Modeling ventilation of patients with interstitial lung disease at rest and exercise: a bench study

Background: The ventilatory physiopathology of patients with interstitial lung disease (ILD) remains poorly understood. We aimed to personalize a mechanical simulator to model healthy and ILD profiles ventilation, and to evaluate the effect of spontaneous breathing on respiratory mechanics at rest and during exercise.

Methods: In a 2-compartment lung simulator (ASL 5000^®), we modeled 1 healthy and 3 ILD profiles, at rest and during exercise, based on physiological data from literature and patients. Measurements were: tidal volume, end-expiratory lung volume, driving pressure, transpulmonary driving pressure, dynamic alveolar strain, mechanical power, and time lag of inspiratory flow between compartments 1 and 2.

Results: Healthy and ILD models were validated: maximum differences between real and simulated tidal volume were 5% (96 ml) and 6% (54 ml) at rest and during exercise respectively, considered clinically negligible.
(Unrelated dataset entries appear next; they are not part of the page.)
(* Let $\beta>1$, $n\in\mathbb{N}$, $C_\beta=2+\frac{2(\beta-1)^2}{2\beta-1}$ and $$h(t,\tau)=2\big(nt-\tau|\tau|^{\beta-1}\big)^2-C_\beta(t-\tau)\big(n^2t-\tau|\tau|^{2(\beta-1)}\big).$$ Then $h(t,\tau)\le0$ for all real $t,\tau$ with $|t|>n^{1/(\beta-1)}$ and $|\tau|\le n^{1/(\beta-1)}$. *)

theory Defs
  imports Complex_Main
begin

definition C_beta :: "real \<Rightarrow> real" where
  "C_beta \<beta> = 2 + 2 * (\<beta> - 1)^2 / (2 * \<beta> - 1)"

definition h_fun :: "real \<Rightarrow> nat \<Rightarrow> real \<Rightarrow> real \<Rightarrow> real" where
  "h_fun \<beta> n t \<tau> =
     2 * (real n * t - \<tau> * \<bar>\<tau>\<bar> powr (\<beta> - 1))^2
     - C_beta \<beta> * (t - \<tau>) * ((real n)^2 * t - \<tau> * \<bar>\<tau>\<bar> powr (2 * (\<beta> - 1)))"

end

theory Submission
  imports Defs
begin

(* Write p = \<beta> - 1, a = |\<tau>|^p and D = C_beta \<beta> - 2 = 2p^2/(2p+1). Expanding, h is minus a
   quadratic form in (\<tau>, t) whose mixed coefficient is nonnegative, so it suffices to treat
   \<tau>, t \<ge> 0. As a function of t it is then a convex quadratic, and it is nonnegative and
   nondecreasing for t beyond N = n^(1/p) as soon as it is nonnegative at t = N. With y = \<tau>/N
   that boundary value is n^2 N^2 (D (1 - y)(1 - y^(2p+1)) - 2 y (1 - y^p)^2), and its sign
   reduces, under y = e^(-w), to (p+1)^2 (cosh (p w) - 1) \<le> p^2 (cosh ((p+1) w) - 1), i.e. to
   (cosh (c w) - 1)/c^2 being nondecreasing in c > 0. *)

lemma scaled_sinh_le:
  fixes a b w :: real
  assumes "0 \<le> a" "a \<le> b" "0 \<le> w"
  shows "b * sinh (a * w) \<le> a * sinh (b * w)"
proof -
  let ?g = "\<lambda>x. a * sinh (b * x) - b * sinh (a * x)"
  have "?g 0 \<le> ?g w"
  proof (rule DERIV_nonneg_imp_nondecreasing[OF \<open>0 \<le> w\<close>])
    fix x :: real
    assume "0 \<le> x" "x \<le> w"
    have "cosh (a * x) \<le> cosh (b * x)"
      using assms \<open>0 \<le> x\<close> by (simp add: cosh_real_nonneg_le_iff mult_right_mono)
    then have "0 \<le> a * b * (cosh (b * x) - cosh (a * x))"
      using assms by simp
    moreover have "(?g has_real_derivative a * b * (cosh (b * x) - cosh (a * x))) (at x)"
      by (auto intro!: derivative_eq_intros simp: algebra_simps)
    ultimately show "\<exists>y. (?g has_real_derivative y) (at x) \<and> 0 \<le> y"
      by blast
  qed
  then show ?thesis
    by simp
qed

lemma scaled_cosh_le:
  fixes a b w :: real
  assumes "0 \<le> a" "a \<le> b" "0 \<le> w"
  shows "b\<^sup>2 * (cosh (a * w) - 1) \<le> a\<^sup>2 * (cosh (b * w) - 1)"
proof -
  let ?g = "\<lambda>x. a\<^sup>2 * (cosh (b * x) - 1) - b\<^sup>2 * (cosh (a * x) - 1)"
  have "?g 0 \<le> ?g w"
  proof (rule DERIV_nonneg_imp_nondecreasing[OF \<open>0 \<le> w\<close>])
    fix x :: real
    assume "0 \<le> x" "x \<le> w"
    have "0 \<le> a * b * (a * sinh (b * x) - b * sinh (a * x))"
      using scaled_sinh_le[OF assms(1,2) \<open>0 \<le> x\<close>] assms by simp
    moreover have
      "(?g has_real_derivative a * b * (a * sinh (b * x) - b * sinh (a * x))) (at x)"
      by (auto intro!: derivative_eq_intros simp: algebra_simps power2_eq_square)
    ultimately show "\<exists>y. (?g has_real_derivative y) (at x) \<and> 0 \<le> y"
      by blast
  qed
  then show ?thesis
    by simp
qed

lemma sq_one_minus_powr_le:
  fixes p y :: real
  assumes "0 < p" "0 < y" "y \<le> 1"
  shows "(2 * p + 1) * y * (1 - y powr p)\<^sup>2 \<le> p\<^sup>2 * (1 - y) * (1 - y * (y powr p)\<^sup>2)"
proof -
  define w where "w = - ln y"
  define b where "b = y powr p"
  have "0 \<le> w"
    using assms by (simp add: w_def)
  have "0 < b"
    using assms by (simp add: b_def)
  have exp_w: "exp (- w) = y"
    using assms by (simp add: w_def)
  have exp_pw: "exp (- (p * w)) = b"
    using assms by (simp add: w_def b_def powr_def)
  have "exp (p * w) = 1 / b"
    using exp_pw by (metis exp_minus inverse_eq_divide inverse_inverse_eq)
  with exp_pw have cosh_pw: "cosh (p * w) = (1 / b + b) / 2"
    by (simp add: cosh_field_def)
  have exp_p1w: "exp (- ((p + 1) * w)) = y * b"
    by (simp add: exp_w[symmetric] exp_pw[symmetric] distrib_right flip: exp_add)
  then have "exp ((p + 1) * w) = 1 / (y * b)"
    by (metis exp_minus inverse_eq_divide inverse_inverse_eq)
  with exp_p1w have cosh_p1w: "cosh ((p + 1) * w) = (1 / (y * b) + y * b) / 2"
    by (simp add: cosh_field_def)
  have "2 * y * b * ((p + 1)\<^sup>2 * (cosh (p * w) - 1))
      \<le> 2 * y * b * (p\<^sup>2 * (cosh ((p + 1) * w) - 1))"
    using scaled_cosh_le[of p "p + 1" w] assms \<open>0 \<le> w\<close> \<open>0 < b\<close> by simp
  moreover have "2 * y * b * ((p + 1)\<^sup>2 * (cosh (p * w) - 1)) = (p + 1)\<^sup>2 * y * (1 - b)\<^sup>2"
    using \<open>0 < y\<close> \<open>0 < b\<close> unfolding cosh_pw by (simp add: field_simps power2_eq_square)
  moreover have "2 * y * b * (p\<^sup>2 * (cosh ((p + 1) * w) - 1)) = p\<^sup>2 * (1 - y * b)\<^sup>2"
    using \<open>0 < y\<close> \<open>0 < b\<close> unfolding cosh_p1w by (simp add: field_simps power2_eq_square)
  ultimately have "(p + 1)\<^sup>2 * y * (1 - b)\<^sup>2 \<le> p\<^sup>2 * (1 - y * b)\<^sup>2"
    by linarith
  then show ?thesis
    unfolding b_def[symmetric] by (simp add: algebra_simps power2_eq_square)
qed

(* The variable a stands for |s| powr (\<beta> - 1); decoupling it from s makes h a quadratic form. *)
definition h_quadratic :: "real \<Rightarrow> real \<Rightarrow> real \<Rightarrow> real \<Rightarrow> real \<Rightarrow> real" where
  "h_quadratic D n a s x =
     D * (n * x)\<^sup>2 - (2 * (n - a)\<^sup>2 + D * (n\<^sup>2 + a\<^sup>2)) * s * x + D * (s * a)\<^sup>2"

lemma h_fun_eq_neg_h_quadratic:
  "h_fun \<beta> n t \<tau> = - h_quadratic (C_beta \<beta> - 2) (real n) (\<bar>\<tau>\<bar> powr (\<beta> - 1)) \<tau> t"
proof -
  have "\<bar>\<tau>\<bar> powr (2 * (\<beta> - 1)) = (\<bar>\<tau>\<bar> powr (\<beta> - 1))\<^sup>2"
    by (simp add: power2_eq_square flip: powr_add)
  then show ?thesis
    unfolding h_fun_def h_quadratic_def by (simp add: power2_eq_square algebra_simps)
qed

lemma h_quadratic_abs_le:
  assumes "0 \<le> D"
  shows "h_quadratic D n a \<bar>s\<bar> \<bar>x\<bar> \<le> h_quadratic D n a s x"
proof -
  have "s * x \<le> \<bar>s\<bar> * \<bar>x\<bar>"
    by (simp add: abs_mult[symmetric])
  moreover have "0 \<le> 2 * (n - a)\<^sup>2 + D * (n\<^sup>2 + a\<^sup>2)"
    using assms by simp
  ultimately have "(2 * (n - a)\<^sup>2 + D * (n\<^sup>2 + a\<^sup>2)) * (s * x)
      \<le> (2 * (n - a)\<^sup>2 + D * (n\<^sup>2 + a\<^sup>2)) * (\<bar>s\<bar> * \<bar>x\<bar>)"
    by (rule mult_left_mono)
  then show ?thesis
    unfolding h_quadratic_def by (simp add: power_mult_distrib mult.assoc)
qed

lemma quadratic_nonneg_beyond:
  fixes A B C N x :: real
  assumes "0 \<le> A" "0 < N" "C \<le> A * N\<^sup>2" "0 \<le> A * N\<^sup>2 - B * N + C" "N \<le> x"
  shows "0 \<le> A * x\<^sup>2 - B * x + C"
proof -
  have "B * N \<le> 2 * (A * N\<^sup>2)"
    using assms(3,4) by linarith
  also have "\<dots> = (2 * A * N) * N"
    by (simp add: power2_eq_square)
  finally have "B \<le> 2 * A * N"
    using \<open>0 < N\<close> by simp
  moreover have "A * (2 * N) \<le> A * (x + N)"
    using assms(1,5) by (intro mult_left_mono) simp_all
  ultimately have "0 \<le> (x - N) * (A * (x + N) - B)"
    using \<open>N \<le> x\<close> by simp
  moreover have "A * x\<^sup>2 - B * x + C = (A * N\<^sup>2 - B * N + C) + (x - N) * (A * (x + N) - B)"
    by (simp add: power2_eq_square algebra_simps)
  ultimately show ?thesis
    using assms(4) by linarith
qed

lemma h_quadratic_nonneg_beyond:
  assumes "0 \<le> D" "0 < N" "0 \<le> s" "s \<le> N" "0 \<le> a" "a \<le> n"
    and "0 \<le> h_quadratic D n a s N" "N \<le> x"
  shows "0 \<le> h_quadratic D n a s x"
proof -
  define K where "K = 2 * (n - a)\<^sup>2 + D * (n\<^sup>2 + a\<^sup>2)"
  have h_eq: "h_quadratic D n a s X = (D * n\<^sup>2) * X\<^sup>2 - (K * s) * X + D * (s * a)\<^sup>2" for X
    by (simp add: h_quadratic_def K_def power_mult_distrib)
  have "s * a \<le> N * n"
    using assms(2-6) by (intro mult_mono) simp_all
  then have "(s * a)\<^sup>2 \<le> (N * n)\<^sup>2"
    using assms(3,5) by (intro power_mono) simp_all
  then have C_bound: "D * (s * a)\<^sup>2 \<le> (D * n\<^sup>2) * N\<^sup>2"
    using assms(1) by (simp add: mult_left_mono power_mult_distrib mult_ac)
  have "0 \<le> D * n\<^sup>2"
    using assms(1) by simp
  from quadratic_nonneg_beyond[OF this \<open>0 < N\<close> C_bound assms(7)[unfolded h_eq] \<open>N \<le> x\<close>]
  show ?thesis
    unfolding h_eq .
qed

lemma h_quadratic_boundary_nonneg:
  fixes p y n N :: real
  assumes "0 < p" "0 < y" "y \<le> 1"
  shows "0 \<le> h_quadratic (2 * p\<^sup>2 / (2 * p + 1)) n (y powr p * n) (y * N) N"
proof -
  define D where "D = 2 * p\<^sup>2 / (2 * p + 1)"
  define b where "b = y powr p"
  have "(2 * p + 1) * (2 * y * (1 - b)\<^sup>2) = 2 * ((2 * p + 1) * y * (1 - b)\<^sup>2)"
    by simp
  also have "\<dots> \<le> 2 * (p\<^sup>2 * (1 - y) * (1 - y * b\<^sup>2))"
    using sq_one_minus_powr_le[OF assms] by (simp add: b_def)
  also have "\<dots> = (2 * p + 1) * (D * (1 - y) * (1 - y * b\<^sup>2))"
    using \<open>0 < p\<close> by (simp add: D_def)
  finally have "2 * y * (1 - b)\<^sup>2 \<le> D * (1 - y) * (1 - y * b\<^sup>2)"
    using \<open>0 < p\<close> by simp
  moreover have "h_quadratic D n (b * n) (y * N) N
      = (n * N)\<^sup>2 * (D * (1 - y) * (1 - y * b\<^sup>2) - 2 * y * (1 - b)\<^sup>2)"
    unfolding h_quadratic_def by algebra
  ultimately show ?thesis
    by (simp add: D_def b_def)
qed

lemma h_quadratic_nonneg:
  fixes p n s x :: real
  assumes "0 < p" "0 \<le> n" "0 \<le> s" "s \<le> n powr (1 / p)" "n powr (1 / p) \<le> x"
  shows "0 \<le> h_quadratic (2 * p\<^sup>2 / (2 * p + 1)) n (s powr p) s x"
proof (cases "s = 0")
  case True
  then show ?thesis
    using \<open>0 < p\<close> by (simp add: h_quadratic_def)
next
  case False
  define D where "D = 2 * p\<^sup>2 / (2 * p + 1)"
  define N where "N = n powr (1 / p)"
  define y where "y = s / N"
  have "s \<le> N"
    using assms(4) by (simp add: N_def)
  with False \<open>0 \<le> s\<close> have "0 < N"
    by linarith
  then have "N powr p = n"
    using \<open>0 < p\<close> \<open>0 \<le> n\<close> by (auto simp: N_def powr_powr)
  have "0 < y" "y \<le> 1" "s = y * N"
    using False \<open>0 \<le> s\<close> \<open>s \<le> N\<close> \<open>0 < N\<close> by (simp_all add: y_def)
  then have s_powr_eq: "s powr p = y powr p * n"
    using \<open>N powr p = n\<close> by (simp add: powr_mult)
  have "0 \<le> D"
    using \<open>0 < p\<close> by (simp add: D_def)
  moreover have "0 \<le> h_quadratic D n (s powr p) s N"
    unfolding s_powr_eq using h_quadratic_boundary_nonneg[OF \<open>0 < p\<close> \<open>0 < y\<close> \<open>y \<le> 1\<close>]
    by (simp add: D_def \<open>s = y * N\<close>)
  moreover have "s powr p \<le> n"
    using \<open>0 < y\<close> \<open>y \<le> 1\<close> \<open>0 < p\<close> \<open>0 \<le> n\<close>
    by (simp add: s_powr_eq mult_left_le_one_le powr_le1)
  ultimately show ?thesis
    using h_quadratic_nonneg_beyond[OF _ \<open>0 < N\<close> \<open>0 \<le> s\<close>] assms(4,5)
    by (simp add: D_def N_def)
qed

theorem lemma4p1:
  fixes \<beta> t \<tau> :: real and n :: nat
  assumes "\<beta> > 1"
    and "\<bar>t\<bar> > real n powr (1 / (\<beta> - 1))"
    and "\<bar>\<tau>\<bar> \<le> real n powr (1 / (\<beta> - 1))"
  shows "h_fun \<beta> n t \<tau> \<le> 0"
proof -
  define p where "p = \<beta> - 1"
  have "0 < p"
    using assms(1) by (simp add: p_def)
  have D_eq: "C_beta \<beta> - 2 = 2 * p\<^sup>2 / (2 * p + 1)"
    by (simp add: C_beta_def p_def)
  have "0 \<le> h_quadratic (C_beta \<beta> - 2) n (\<bar>\<tau>\<bar> powr p) \<bar>\<tau>\<bar> \<bar>t\<bar>"
    unfolding D_eq using h_quadratic_nonneg[OF \<open>0 < p\<close>] assms(2,3)
    by (simp add: p_def less_imp_le)
  also have "\<dots> \<le> h_quadratic (C_beta \<beta> - 2) n (\<bar>\<tau>\<bar> powr p) \<tau> t"
    using \<open>0 < p\<close> by (intro h_quadratic_abs_le) (simp add: D_eq)
  finally show ?thesis
    by (simp add: h_fun_eq_neg_h_quadratic p_def)
qed

end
When we simulated lung inhomogeneity (compliance in compartment 1 > compartment 2), tidal volume, end-expiratory lung volume, driving pressure and mechanical power increased in compartment 1 and decreased in compartment 2. Driving transpulmonary pressure and dynamic alveolar strain increased in compartment 2 and decreased in compartment 1. Time lag of inspiratory flow between compartments 1 and 2 was positively correlated with a difference of compliance between compartments (r = 0.98, CI95% (0.9106; 0.9962), p < 0.0001).
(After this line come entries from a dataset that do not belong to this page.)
lemma weighted_sum_le_suminf_of_dominated:
  fixes u v b :: "nat \<Rightarrow> real"
  assumes "mono b" "\<And>k. 0 \<le> b k" "\<And>k. 0 \<le> u k"
    and "summable u" "summable (\<lambda>k. u k * b k)"
    and "\<And>N. (\<Sum>k<N. u k) \<le> (\<Sum>k<N. v k)" "\<And>N. (\<Sum>k<N. v k) \<le> suminf u"
  shows "(\<Sum>k<N. v k * b k) \<le> (\<Sum>k. u k * b k)"
proof -
  have tail_summable: "summable (\<lambda>k. u (k + N))"
    using assms(4) by (rule summable_ignore_initial_segment)
  have "b N * (\<Sum>k. u (k + N)) = (\<Sum>k. b N * u (k + N))"
    using suminf_mult[OF tail_summable] by simp
  also have "\<dots> \<le> (\<Sum>k. u (k + N) * b (k + N))"
  proof (rule suminf_le)
    show "b N * u (k + N) \<le> u (k + N) * b (k + N)" for k
      using assms(3)[of "k + N"] monoD[OF assms(1), of N "k + N"]
      by (simp add: mult.commute mult_right_mono)
  qed (use summable_mult[OF tail_summable] summable_ignore_initial_segment[OF assms(5), of N] in simp_all)
  finally have tail: "b N * (suminf u - (\<Sum>k<N. u k)) \<le> (\<Sum>k. u k * b k) - (\<Sum>k<N. u k * b k)"
    using suminf_split_initial_segment[OF assms(4), of N]
      suminf_split_initial_segment[OF assms(5), of N] by simp
  have "b N * ((\<Sum>k<N. v k) - (\<Sum>k<N. u k)) \<le> b N * (suminf u - (\<Sum>k<N. u k))"
    using assms(2,7) by (intro mult_left_mono) auto
  then show ?thesis
    using weighted_sum_le_of_partial_sums_le[OF assms(1,6), of N] tail by linarith
qed

lemma weighted_suminf_ennreal_le_of_dominated:
  fixes u v b :: "nat \<Rightarrow> real"
  assumes "mono b" "\<And>k. 0 \<le> b k" "\<And>k. 0 \<le> u k" "\<And>k. 0 \<le> v k" "summable u"
    and "\<And>N. (\<Sum>k<N. u k) \<le> (\<Sum>k<N. v k)" "\<And>N. (\<Sum>k<N. v k) \<le> suminf u"
  shows "(\<Sum>k. ennreal (v k * b k)) \<le> (\<Sum>k. ennreal (u k * b k))"
proof (cases "(\<Sum>k. ennreal (u k * b k)) = top")
  case False
  have summable: "summable (\<lambda>k. u k * b k)"
    using summable_suminf_not_top[OF _ False] assms(2,3) by simp
  have "(\<Sum>k<N. ennreal (v k * b k)) \<le> (\<Sum>k. ennreal (u k * b k))" for N
  proof -
    have "(\<Sum>k<N. ennreal (v k * b k)) = ennreal (\<Sum>k<N. v k * b k)"
      using assms(2,4) by (intro sum_ennreal) simp
    also have "\<dots> \<le> ennreal (\<Sum>k. u k * b k)"
      using weighted_sum_le_suminf_of_dominated[OF assms(1-3,5) summable assms(6,7)]
      by (rule ennreal_leI)
    also have "\<dots> = (\<Sum>k. ennreal (u k * b k))"
      using assms(2,3) summable by (intro suminf_ennreal2[symmetric]) simp_all
    finally show ?thesis .
  qed
  then show ?thesis
    unfolding suminf_eq_SUP by (rule SUP_least)
qed simp

lemma suminf_le_of_partial_sums_le:
  fixes u v :: "nat \<Rightarrow> real"
  assumes "summable u" "summable v" "\<And>k. 0 \<le> v k" "\<And>N. (\<Sum>k<N. u k) \<le> (\<Sum>k<N. v k)"
  shows "suminf u \<le> suminf v"
proof (rule suminf_le_const[OF assms(1)])
  show "(\<Sum>k<N. u k) \<le> suminf v" for N
    using assms(4)[of N] sum_le_suminf[OF assms(2), of "{..<N}"] assms(3) by auto
qed

lemma suminf_ennreal_mult_le_of_le_add_1:
  fixes v a a' :: "nat \<Rightarrow> real"
  assumes "\<And>k. 0 \<le> v k" "\<And>k. 0 \<le> a k" "\<And>k. a' k \<le> a k + 1"
  shows "(\<Sum>k. ennreal (v k * a' k)) \<le> (\<Sum>k. ennreal (v k * a k)) + (\<Sum>k. ennreal (v k))"
proof -
  have "ennreal (v k * a' k) \<le> ennreal (v k * a k) + ennreal (v k)" for k
  proof -
    have "v k * a' k \<le> v k * a k + v k"
      using mult_left_mono[OF assms(3) assms(1)] by (simp add: distrib_left)
    then have "ennreal (v k * a' k) \<le> ennreal (v k * a k + v k)"
      by (rule ennreal_leI)
    also have "\<dots> = ennreal (v k * a k) + ennreal (v k)"
      using assms(1,2) by (simp add: ennreal_plus)
    finally show ?thesis .
  qed
  then have "(\<Sum>k. ennreal (v k * a' k)) \<le> (\<Sum>k. ennreal (v k * a k) + ennreal (v k))"
    by (intro suminf_le) auto
  also have "\<dots> = (\<Sum>k. ennreal (v k * a k)) + (\<Sum>k. ennreal (v k))"
    by (rule suminf_add[symmetric]) auto
  finally show ?thesis .
qed

definition door1_open :: "real \<Rightarrow> (nat \<Rightarrow> real) \<Rightarrow> nat \<Rightarrow> real" where
  "door1_open p1 \<pi> j = 1 - (1 - p1) powr \<pi> j"

definition finish_cdf :: "real \<Rightarrow> real \<Rightarrow> (nat \<Rightarrow> real) \<Rightarrow> nat \<Rightarrow> real" where
  "finish_cdf p1 p2 \<pi> N = (\<Sum>k<N. finish_prob p1 p2 \<pi> (Suc k))"

lemma finish_prob_Suc_Suc:
  "finish_prob p1 p2 \<pi> (Suc (Suc k)) =
     (1 - p2) * finish_prob p1 p2 \<pi> (Suc k) + door1_first p1 \<pi> (Suc (Suc k)) * p2"
proof -
  have "finish_prob p1 p2 \<pi> (Suc (Suc k)) =
      (\<Sum>j\<in>{1..Suc k}. door1_first p1 \<pi> j * (1 - p2) ^ (Suc (Suc k) - j) * p2)
      + door1_first p1 \<pi> (Suc (Suc k)) * p2"
    unfolding finish_prob_def by (simp add: sum.cl_ivl_Suc)
  also have "(\<Sum>j\<in>{1..Suc k}. door1_first p1 \<pi> j * (1 - p2) ^ (Suc (Suc k) - j) * p2)
      = (1 - p2) * finish_prob p1 p2 \<pi> (Suc k)"
    unfolding finish_prob_def sum_distrib_left by (rule sum.cong) (auto simp: Suc_diff_le)
  finally show ?thesis .
qed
Conclusion: In this bench study, we personalized a mechanical simulator thatmodels the lung inhomogeneity and spontaneous breathing of healthy subjects and ILD patients at rest and during exercise. Our results suggest that lung inhomogeneity could increase lung vulnerability to volo-atelec-trauma mechanisms in ILD. Further physiological studies are needed to evaluate the impact of this vulnerability on acute or chronic ILD worsening.